Task requirements — Print the first line of the material below and each line after it, exactly as written, ending with the line that contains "Context: $\delta(m)=1$ for".

=== Section Start ===

(* Let $n\ge1$ be a natural number, let $a,b,\alpha,\beta$ be variables (with $\beta a-\alpha b\neq0$), and write $\Psi_r(n)=\Psi\left(\begin{array}{cc|c} a & b & n \\ \alpha & \beta & r \end{array}\right)$, $\Phi_r(n)=\Phi\left(\begin{array}{cc|c} a & b & n \\ \alpha & \beta & r \end{array}\right)$. Let $D=\alpha\frac{\partial}{\partial a}+\beta\frac{\partial}{\partial b}$ (so $\alpha,\beta$ are held constant). Then \[ \Psi_r(n)=-\frac{1}{r}\,D\,\Psi_{r-1}(n)\quad\text{for }1\le r\le\lfloor n/2\rfloor,\qquad \Phi_r(n)=-\frac{1}{r}\,D\,\Phi_{r-1}(n)\quad\text{for }1\le r\le\lfloor (n-1)/2\rfloor. \]
   Context: $\delta(m)=1$ for $m$ odd, $0$ for $m$ even; $\lfloor\cdot\rfloor$ is the floor. For indeterminates $a,b,\alpha,\beta$ and $n\ge1$, $\Psi\left(\begin{array}{cc|c} a & b & n \\ \alpha & \beta & r \end{array}\right)$ ($0\le r\le\lfloor n/2\rfloor$) and $\Phi\left(\begin{array}{cc|c} a & b & n \\ \alpha & \beta & r \end{array}\right)$ ($0\le r\le\lfloor (n-1)/2\rfloor$) are the unique polynomials in $\mathbb{Z}[a,b,\alpha,\beta]$ such that, identically in $x,y$, $(\beta a-\alpha b)^{\lfloor n/2\rfloor}\frac{x^n+y^n}{(x+y)^{\delta(n)}}=\sum_{r}\Psi\left(\begin{array}{cc|c} a & b & n \\ \alpha & \beta & r \end{array}\right)(\alpha x^2+\beta xy+\alpha y^2)^{\lfloor n/2\rfloor-r}(ax^2+bxy+ay^2)^r$ and $(\beta a-\alpha b)^{\lfloor (n-1)/2\rfloor}\frac{x^n-y^n}{(x-y)(x+y)^{\delta(n-1)}}=\sum_{r}\Phi\left(\begin{array}{cc|c} a & b & n \\ \alpha & \beta & r \end{array}\right)(\alpha x^2+\beta xy+\alpha y^2)^{\lfloor (n-1)/2\rfloor-r}(ax^2+bxy+ay^2)^r$. *)

theory Defs
  imports "HOL-Computational_Algebra.Polynomial"
begin

text \<open>Polynomials in Z[a,b,alpha,beta], represented as nested univariate polynomials.
  Innermost variable: a; then b; then alpha; outermost: beta.\<close>

type_synonym mpoly = "int poly poly poly poly"

definition ev4 :: "mpoly \<Rightarrow> int \<Rightarrow> int \<Rightarrow> int \<Rightarrow> int \<Rightarrow> int" where
  "ev4 P a b al be = poly (poly (poly (poly P [:[:[:be:]:]:]) [:[:al:]:]) [:b:]) a"

definition var_alpha :: mpoly where "var_alpha = [:[:0, 1:]:]"
definition var_beta :: mpoly where "var_beta = [:0, 1:]"

definition deriv_a :: "mpoly \<Rightarrow> mpoly" where
  "deriv_a P = map_poly (map_poly (map_poly pderiv)) P"
definition deriv_b :: "mpoly \<Rightarrow> mpoly" where
  "deriv_b P = map_poly (map_poly pderiv) P"

definition Dop :: "mpoly \<Rightarrow> mpoly" where
  "Dop P = var_alpha * deriv_a P + var_beta * deriv_b P"

definition delta :: "nat \<Rightarrow> nat" where
  "delta m = (if odd m then 1 else 0)"

text \<open>Defining identities (denominators cleared), required identically in a,b,alpha,beta,x,y.\<close>
definition is_Psi :: "nat \<Rightarrow> (nat \<Rightarrow> mpoly) \<Rightarrow> bool" where
  "is_Psi n f \<longleftrightarrow> (\<forall>r > n div 2. f r = 0) \<and>
     (\<forall>a b al be x y :: int.
        (be * a - al * b) ^ (n div 2) * (x ^ n + y ^ n) =
        (x + y) ^ delta n *
        (\<Sum>r\<le>n div 2. ev4 (f r) a b al be *
            (al * x^2 + be * x * y + al * y^2) ^ (n div 2 - r) *
            (a * x^2 + b * x * y + a * y^2) ^ r))"

definition is_Phi :: "nat \<Rightarrow> (nat \<Rightarrow> mpoly) \<Rightarrow> bool" where
  "is_Phi n f \<longleftrightarrow> (\<forall>r > (n - 1) div 2. f r = 0) \<and>
     (\<forall>a b al be x y :: int.
        (be * a - al * b) ^ ((n - 1) div 2) * (x ^ n - y ^ n) =
        (x - y) * (x + y) ^ delta (n - 1) *
        (\<Sum>r\<le>(n - 1) div 2. ev4 (f r) a b al be *
            (al * x^2 + be * x * y + al * y^2) ^ ((n - 1) div 2 - r) *
            (a * x^2 + b * x * y + a * y^2) ^ r))"

definition Psi :: "nat \<Rightarrow> nat \<Rightarrow> mpoly" where
  "Psi n = (THE f. is_Psi n f)"

definition Phi :: "nat \<Rightarrow> nat \<Rightarrow> mpoly" where
  "Phi n = (THE f. is_Phi n f)"

end

theory Submission
  imports Defs "HOL-Computational_Algebra.Fundamental_Theorem_Algebra"
begin

(* Put U = \<alpha>x\<^sup>2 + \<beta>xy + \<alpha>y\<^sup>2, V = ax\<^sup>2 + bxy + ay\<^sup>2 and \<Delta> = \<beta>a - \<alpha>b, so that
   \<Delta>(x\<^sup>2 + y\<^sup>2) = \<beta>V - bU and \<Delta>xy = aU - \<alpha>V.  The power sums in question obey
   s(m+2) = (x\<^sup>2 + y\<^sup>2) s(m+1) - (xy)\<^sup>2 s(m); running this recurrence on the linear
   polynomials \<beta>t - b and a - \<alpha>t (t standing for V/U) produces polynomials \<Sum> c(r) t\<^sup>r whose
   coefficients are the \<Psi>(r), \<Phi>(r).  The operator D + d/dt is a derivation killing both linear
   polynomials, hence everything the recurrence produces, and its coefficient of t\<^bsup>r-1\<^esup> is
   D c(r-1) + r c(r).  Identifying the coefficients with \<Psi>, \<Phi> needs their uniqueness: the
   forms U\<^bsup>m-r\<^esup> V\<^sup>r are linearly independent when \<Delta> \<noteq> 0, as one sees at a complex root of U. *)

locale derivation =
  fixes F :: "'a::comm_ring_1 \<Rightarrow> 'a"
  assumes add: "F (x + y) = F x + F y"
    and mult: "F (x * y) = x * F y + F x * y"
begin

lemma zero [simp]: "F 0 = 0"
  using add[of 0 0] by simp

lemma minus: "F (- x) = - F x"
  using add[of x "- x"] by (simp add: eq_neg_iff_add_eq_0 add.commute)

lemma diff: "F (x - y) = F x - F y"
  using add[of x "- y"] by (simp add: minus)

lemma sum: "F (sum g A) = (\<Sum>i\<in>A. F (g i))"
  by (induction A rule: infinite_finite_induct) (simp_all add: add)

lemma one [simp]: "F 1 = 0"
  using mult[of 1 1] by simp

lemma of_nat [simp]: "F (of_nat k) = 0"
  by (induction k) (simp_all add: add)

lemma numeral [simp]: "F (numeral k) = 0"
  using of_nat[of "numeral k"] by simp

lemma map_poly: "derivation (map_poly F)"
proof
  fix p q :: "'a poly"
  show "map_poly F (p + q) = map_poly F p + map_poly F q"
    by (rule poly_eqI) (simp add: coeff_map_poly add)
  show "map_poly F (p * q) = p * map_poly F q + map_poly F p * q"
    by (rule poly_eqI) (simp add: coeff_map_poly coeff_mult sum mult sum.distrib)
qed

end

lemma derivation_pderiv: "derivation (pderiv :: 'a::idom poly \<Rightarrow> 'a poly)"
  by standard (simp_all add: pderiv_add pderiv_mult algebra_simps)

lemma derivation_add:
  "derivation F \<Longrightarrow> derivation G \<Longrightarrow> derivation (\<lambda>x. F x + G x)"
  unfolding derivation_def by (simp add: algebra_simps)

lemma derivation_mult_left: "derivation F \<Longrightarrow> derivation (\<lambda>x. c * F x)"
  unfolding derivation_def by (simp add: algebra_simps)

fun lin_rec :: "'a::comm_ring_1 \<Rightarrow> 'a \<Rightarrow> 'a \<Rightarrow> 'a \<Rightarrow> nat \<Rightarrow> 'a" where
  "lin_rec p q u0 u1 0 = u0"
| "lin_rec p q u0 u1 (Suc 0) = u1"
| "lin_rec p q u0 u1 (Suc (Suc m)) = p * lin_rec p q u0 u1 (Suc m) - q * lin_rec p q u0 u1 m"

lemma lin_rec_unique:
  assumes "\<And>m. f (Suc (Suc m)) = p * f (Suc m) - q * f m"
  shows "f m = lin_rec p q (f 0) (f 1) m"
  by (induction m rule: induct_nat_012) (simp_all add: assms)

lemma lin_rec_geometric:
  "A * s ^ m + B * t ^ m = lin_rec (s + t) (s * t) (A + B) (A * s + B * t) m"
  by (rule lin_rec_unique[where f = "\<lambda>m. A * s ^ m + B * t ^ m", simplified])
    (simp add: algebra_simps)

lemma lin_rec_mult_initial:
  "lin_rec p q (c * u0) (c * u1) m = c * lin_rec p q u0 u1 m"
  by (induction p q u0 u1 m rule: lin_rec.induct) (simp_all add: algebra_simps)

lemma lin_rec_scale:
  "lin_rec (d * p) (d\<^sup>2 * q) u0 (d * u1) m = d ^ m * lin_rec p q u0 u1 m"
  by (induction p q u0 u1 m rule: lin_rec.induct) (simp_all add: algebra_simps power2_eq_square)

lemma (in derivation) lin_rec_eq_0:
  "F p = 0 \<Longrightarrow> F q = 0 \<Longrightarrow> F u0 = 0 \<Longrightarrow> F u1 = 0 \<Longrightarrow> F (lin_rec p q u0 u1 m) = 0"
  by (induction p q u0 u1 m rule: lin_rec.induct) (simp_all add: diff mult)

lemma degree_lin_rec:
  assumes "degree p \<le> 1" "degree q \<le> 2" "degree u0 = 0" "degree u1 \<le> 1"
  shows "degree (lin_rec p q u0 u1 m) \<le> m"
proof (induction m rule: induct_nat_012)
  case (ge2 m)
  have "degree (p * lin_rec p q u0 u1 (Suc m)) \<le> Suc (Suc m)"
    using degree_mult_le[of p "lin_rec p q u0 u1 (Suc m)"] ge2 assms(1) by linarith
  moreover have "degree (q * lin_rec p q u0 u1 m) \<le> Suc (Suc m)"
    using degree_mult_le[of q "lin_rec p q u0 u1 m"] ge2 assms(2) by linarith
  ultimately show ?case
    by (simp add: degree_diff_le)
qed (use assms in auto)

definition homog_sum :: "(nat \<Rightarrow> 'a::comm_semiring_1) \<Rightarrow> nat \<Rightarrow> 'a \<Rightarrow> 'a \<Rightarrow> 'a" where
  "homog_sum c m u v = (\<Sum>r\<le>m. c r * u ^ (m - r) * v ^ r)"

lemma homog_sum_Suc:
  "c (Suc m) = 0 \<Longrightarrow> homog_sum c (Suc m) u v = u * homog_sum c m u v"
  by (simp add: homog_sum_def sum_distrib_left Suc_diff_le algebra_simps)

lemma homog_sum_coeff_pCons_0:
  "homog_sum (coeff (pCons 0 p)) (Suc m) u v = v * homog_sum (coeff p) m u v"
  unfolding homog_sum_def by (subst sum.atMost_Suc_shift) (simp add: sum_distrib_left algebra_simps)

lemma homog_sum_coeff_add:
  "homog_sum (coeff (p + q)) m u v = homog_sum (coeff p) m u v + homog_sum (coeff q) m u v"
  by (simp add: homog_sum_def algebra_simps sum.distrib)

lemma homog_sum_coeff_diff:
  fixes p q :: "'a::comm_ring_1 poly"
  shows "homog_sum (coeff (p - q)) m u v = homog_sum (coeff p) m u v - homog_sum (coeff q) m u v"
  by (simp add: homog_sum_def algebra_simps sum_subtractf)

lemma homog_sum_coeff_smult:
  "homog_sum (coeff (smult c p)) m u v = c * homog_sum (coeff p) m u v"
  by (simp add: homog_sum_def algebra_simps sum_distrib_left)

lemma homog_sum_coeff_linear_mult:
  fixes p q :: "'a::comm_ring_1 poly"
  assumes "degree p \<le> 1" "degree q \<le> m"
  shows "homog_sum (coeff (p * q)) (Suc m) u v =
    homog_sum (coeff p) 1 u v * homog_sum (coeff q) m u v"
proof -
  have p: "p = [:coeff p 0, coeff p 1:]"
    by (rule poly_eqI) (use assms(1) in \<open>auto simp: coeff_pCons coeff_eq_0 split: nat.split\<close>)
  have "p * q = smult (coeff p 0) q + pCons 0 (smult (coeff p 1) q)"
    by (subst p) simp
  then show ?thesis
    using assms(2) by (simp add: homog_sum_coeff_add homog_sum_coeff_smult homog_sum_Suc
        homog_sum_coeff_pCons_0 coeff_eq_0) (simp add: homog_sum_def algebra_simps)
qed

=== Section End ===

Response to this task —
(* Let $n\ge1$ be a natural number, let $a,b,\alpha,\beta$ be variables (with $\beta a-\alpha b\neq0$), and write $\Psi_r(n)=\Psi\left(\begin{array}{cc|c} a & b & n \\ \alpha & \beta & r \end{array}\right)$, $\Phi_r(n)=\Phi\left(\begin{array}{cc|c} a & b & n \\ \alpha & \beta & r \end{array}\right)$. Let $D=\alpha\frac{\partial}{\partial a}+\beta\frac{\partial}{\partial b}$ (so $\alpha,\beta$ are held constant). Then \[ \Psi_r(n)=-\frac{1}{r}\,D\,\Psi_{r-1}(n)\quad\text{for }1\le r\le\lfloor n/2\rfloor,\qquad \Phi_r(n)=-\frac{1}{r}\,D\,\Phi_{r-1}(n)\quad\text{for }1\le r\le\lfloor (n-1)/2\rfloor. \]
   Context: $\delta(m)=1$ for $m$ odd, $0$ for $m$ even; $\lfloor\cdot\rfloor$ is the floor. For indeterminates $a,b,\alpha,\beta$ and $n\ge1$, $\Psi\left(\begin{array}{cc|c} a & b & n \\ \alpha & \beta & r \end{array}\right)$ ($0\le r\le\lfloor n/2\rfloor$) and $\Phi\left(\begin{array}{cc|c} a & b & n \\ \alpha & \beta & r \end{array}\right)$ ($0\le r\le\lfloor (n-1)/2\rfloor$) are the unique polynomials in $\mathbb{Z}[a,b,\alpha,\beta]$ such that, identically in $x,y$, $(\beta a-\alpha b)^{\lfloor n/2\rfloor}\frac{x^n+y^n}{(x+y)^{\delta(n)}}=\sum_{r}\Psi\left(\begin{array}{cc|c} a & b & n \\ \alpha & \beta & r \end{array}\right)(\alpha x^2+\beta xy+\alpha y^2)^{\lfloor n/2\rfloor-r}(ax^2+bxy+ay^2)^r$ and $(\beta a-\alpha b)^{\lfloor (n-1)/2\rfloor}\frac{x^n-y^n}{(x-y)(x+y)^{\delta(n-1)}}=\sum_{r}\Phi\left(\begin{array}{cc|c} a & b & n \\ \alpha & \beta & r \end{array}\right)(\alpha x^2+\beta xy+\alpha y^2)^{\lfloor (n-1)/2\rfloor-r}(ax^2+bxy+ay^2)^r$. *)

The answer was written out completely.